[Collected data entries]
text \<open>With \<open>T\<^sub>i = {1..i+1}\<close>, the pairs \<open>([], [])\<close> and \<open>([n+i-1], [i])\<close> for \<open>0 < i < n\<close> form a
  fooling set: \<open>[n+i-1, j]\<close> is accepted iff \<open>j \<le> i\<close>.\<close>

lemma minimal_nfa_if_chain:
  assumes chain: "take (n - 1) ts = map (\<lambda>i. {1..Suc i}) [0..<n - 1]"
  shows "minimal_nfa alphabet {0..<n} 0 nfa_step {0}"
  unfolding minimal_nfa_def
proof (intro conjI is_nfa allI impI)
  fix Q' :: "nat set" and q0' \<delta>' F'
  assume Q': "nfa alphabet Q' q0' \<delta>' F' \<and> nfa_lang alphabet q0' \<delta>' F' = lang"
  have ts_chain: "m < length ts \<and> ts ! m = {1..Suc m}" if "m < n - 1" for m
  proof -
    have "length (take (n - 1) ts) = n - 1" unfolding chain by simp
    then have "m < length ts" using that by simp
    moreover have "take (n - 1) ts ! m = {1..Suc m}" using that unfolding chain by simp
    ultimately show ?thesis using that nth_take[of m "n - 1" ts] by simp
  qed
  define X where "X i = (case i of 0 \<Rightarrow> [] | Suc m \<Rightarrow> [n + m])" for i
  define Y where "Y i = (if i = 0 then [] else [i])" for i :: nat
  have words: "X i \<in> lists alphabet \<and> Y i \<in> lists alphabet" if "i < n" for i
    using ts_chain that by (cases i) (auto simp: X_def Y_def alphabet_def)
  have crossed: "X i @ Y j \<in> lang \<longleftrightarrow> i = 0 \<or> (0 < j \<and> j \<le> i)" if "i < n" "j < n" for i j
  proof (cases i)
    case 0
    then show ?thesis
      using that Nil_in_lang letter_in_lang[of j] by (auto simp: X_def Y_def)
  next
    case (Suc m)
    then have "m < length ts" "ts ! m = {1..Suc m}" using ts_chain that by auto
    then show ?thesis
      using Suc that reset_notin_lang[of m] reset_letter_in_lang_iff[of m j] by (auto simp: X_def Y_def)
  qed
  have "n \<le> card Q'"
  proof (rule fooling_set_card_le_nfa_states)
    show "nfa alphabet Q' q0' \<delta>' F'"
      using Q' by simp
    show "\<forall>i<n. X i \<in> lists alphabet \<and> Y i \<in> lists alphabet \<and> X i @ Y i \<in> nfa_lang alphabet q0' \<delta>' F'"
      using words crossed Q' by auto
    show "\<forall>i<n. \<forall>j<n. i \<noteq> j \<longrightarrow>
            X i @ Y j \<notin> nfa_lang alphabet q0' \<delta>' F' \<or> X j @ Y i \<notin> nfa_lang alphabet q0' \<delta>' F'"
      using crossed Q' by auto
  qed
  then show "card {0..<n} \<le> card Q'" by simp
qed

lemma min_dfa_size_if_distinct:
  assumes "distinct ts"
  shows "min_dfa_size alphabet lang (length ts + 1)"
  unfolding min_dfa_size_def
proof (intro conjI allI impI)
  show "\<exists>(Q::nat set) q0 \<delta> F. dfa alphabet Q q0 \<delta> F \<and> dfa_lang alphabet q0 \<delta> F = lang \<and>
          card Q = length ts + 1"
    using is_dfa dfa_lang_eq by fastforce
  fix Q :: "nat set" and q0 \<delta> F
  assume dfa: "dfa alphabet Q q0 \<delta> F \<and> dfa_lang alphabet q0 \<delta> F = lang"
  define W where "W i = (case i of 0 \<Rightarrow> [] | Suc m \<Rightarrow> [n + m])" for i
  have W_Nil: "W i @ [] \<in> lang \<longleftrightarrow> i = 0" if "i < length ts + 1" for i
    using that Nil_in_lang reset_notin_lang by (cases i) (auto simp: W_def)
  have W_letter: "W (Suc m) @ [q] \<in> lang \<longleftrightarrow> q \<in> ts ! m" if "m < length ts" "1 \<le> q" "q < n" for m q
    using reset_letter_in_lang_iff that by (simp add: W_def)
  have "\<exists>z\<in>lists alphabet. (W i @ z \<in> lang) \<noteq> (W j @ z \<in> lang)"
    if "i < length ts + 1" "j < length ts + 1" "i \<noteq> j" for i j
  proof (cases "i = 0 \<or> j = 0")
    case True
    then show ?thesis
      using that W_Nil[of i] W_Nil[of j] by (intro bexI[of _ "[]"]) auto
  next
    case False
    then obtain i' j' where ij: "i = Suc i'" "j = Suc j'"
      by (metis not0_implies_Suc)
    then have "ts ! i' \<noteq> ts ! j'"
      using that assms by (simp add: nth_eq_iff_index_eq)
    then obtain q where q: "(q \<in> ts ! i') \<noteq> (q \<in> ts ! j')" by blast
    then have "1 \<le> q" "q < n"
      using that ij nth_ts_subset[of i'] nth_ts_subset[of j'] by auto
    then show ?thesis
      using q that ij W_letter[of i' q] W_letter[of j' q]
      by (intro bexI[of _ "[q]"]) (auto simp: alphabet_def)
  qed
  then show "length ts + 1 \<le> card Q"
    using dfa n_pos
    by (intro distinguishable_words_card_le_dfa_states[of alphabet Q q0 \<delta> F lang _ W])
      (auto simp: W_def alphabet_def split: nat.split)
qed

end

lemma exists_witness_list:
  assumes "1 \<le> n" "n \<le> \<alpha>" "\<alpha> \<le> 2 ^ (n - 1) + 1"
  obtains ts where "\<forall>T\<in>set ts. T \<subseteq> {1..<n}" "distinct ts"
    "take (n - 1) ts = map (\<lambda>i. {1..Suc i}) [0..<n - 1]" "length ts + 1 = \<alpha>"
proof -
  define chain where "chain = map (\<lambda>i. {1..Suc i}) [0..<n - 1]"
  have chain_distinct: "distinct chain"
    by (auto simp: chain_def distinct_map inj_on_def)
  have chain_subset: "set chain \<subseteq> Pow {1..<n}"
    by (auto simp: chain_def)
  have "card (Pow {1..<n} - set chain) = 2 ^ (n - 1) - (n - 1)"
    using card_Diff_subset[OF finite_set chain_subset] distinct_card[OF chain_distinct]
    by (simp add: card_Pow chain_def)
  moreover have "n - 1 < 2 ^ (n - 1)" by (rule less_exp)
  ultimately have "\<alpha> - n \<le> card (Pow {1..<n} - set chain)"
    using assms by linarith
  then obtain R where R: "R \<subseteq> Pow {1..<n} - set chain" "card R = \<alpha> - n" "finite R"
    by (rule obtain_subset_with_card_n)
  obtain rs where rs: "set rs = R" "distinct rs"
    using R(3) finite_distinct_list by blast
  show ?thesis
  proof
    show "\<forall>T\<in>set (chain @ rs). T \<subseteq> {1..<n}" using chain_subset R(1) rs(1) by auto
    show "distinct (chain @ rs)" using chain_distinct rs R(1) by auto
    show "take (n - 1) (chain @ rs) = map (\<lambda>i. {1..Suc i}) [0..<n - 1]" by (simp add: chain_def)
    show "length (chain @ rs) + 1 = \<alpha>"
      using distinct_card[OF rs(2)] rs(1) R(2) assms by (simp add: chain_def)
  qed
qed

theorem mainTheorem8:
  fixes n \<alpha> :: nat
  assumes "1 \<le> n" and "n \<le> \<alpha>" and "\<alpha> \<le> 2 ^ (n - 1) + 1"
  shows "\<exists>(\<Sigma>::nat set) (Q::nat set) q0 \<delta> F.
           minimal_nfa \<Sigma> Q q0 \<delta> F \<and> card Q = n \<and>
           suffix_closed (nfa_lang \<Sigma> q0 \<delta> F) \<and>
           min_dfa_size \<Sigma> (nfa_lang \<Sigma> q0 \<delta> F) \<alpha>"
proof -
  obtain ts where ts: "\<forall>T\<in>set ts. T \<subseteq> {1..<n}" "distinct ts"
    "take (n - 1) ts = map (\<lambda>i. {1..Suc i}) [0..<n - 1]" "length ts + 1 = \<alpha>"
    using exists_witness_list[OF assms] by blast
  interpret witness_automata n ts
    using assms(1) ts(1) by unfold_locales
  have "minimal_nfa alphabet {0..<n} 0 nfa_step {0} \<and> card {0..<n} = n \<and>
        suffix_closed lang \<and> min_dfa_size alphabet lang \<alpha>"
    using minimal_nfa_if_chain[OF ts(3)] min_dfa_size_if_distinct[OF ts(2)] lang_suffix_closed ts(4)
    by simp
  then show ?thesis by blast
qed

end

_WORK INSTRUCTIONS_
After locating the line with "X i @ Y j \<notin>" above, return that line and every later line through the one with "define W where", word for word and with nothing else.

_PROBLEM SOLUTION_
            X i @ Y j \<notin> nfa_lang alphabet q0' \<delta>' F' \<or> X j @ Y i \<notin> nfa_lang alphabet q0' \<delta>' F'"
      using crossed Q' by auto
  qed
  then show "card {0..<n} \<le> card Q'" by simp
qed

lemma min_dfa_size_if_distinct:
  assumes "distinct ts"
  shows "min_dfa_size alphabet lang (length ts + 1)"
  unfolding min_dfa_size_def
proof (intro conjI allI impI)
  show "\<exists>(Q::nat set) q0 \<delta> F. dfa alphabet Q q0 \<delta> F \<and> dfa_lang alphabet q0 \<delta> F = lang \<and>
          card Q = length ts + 1"
    using is_dfa dfa_lang_eq by fastforce
  fix Q :: "nat set" and q0 \<delta> F
  assume dfa: "dfa alphabet Q q0 \<delta> F \<and> dfa_lang alphabet q0 \<delta> F = lang"
  define W where "W i = (case i of 0 \<Rightarrow> [] | Suc m \<Rightarrow> [n + m])" for i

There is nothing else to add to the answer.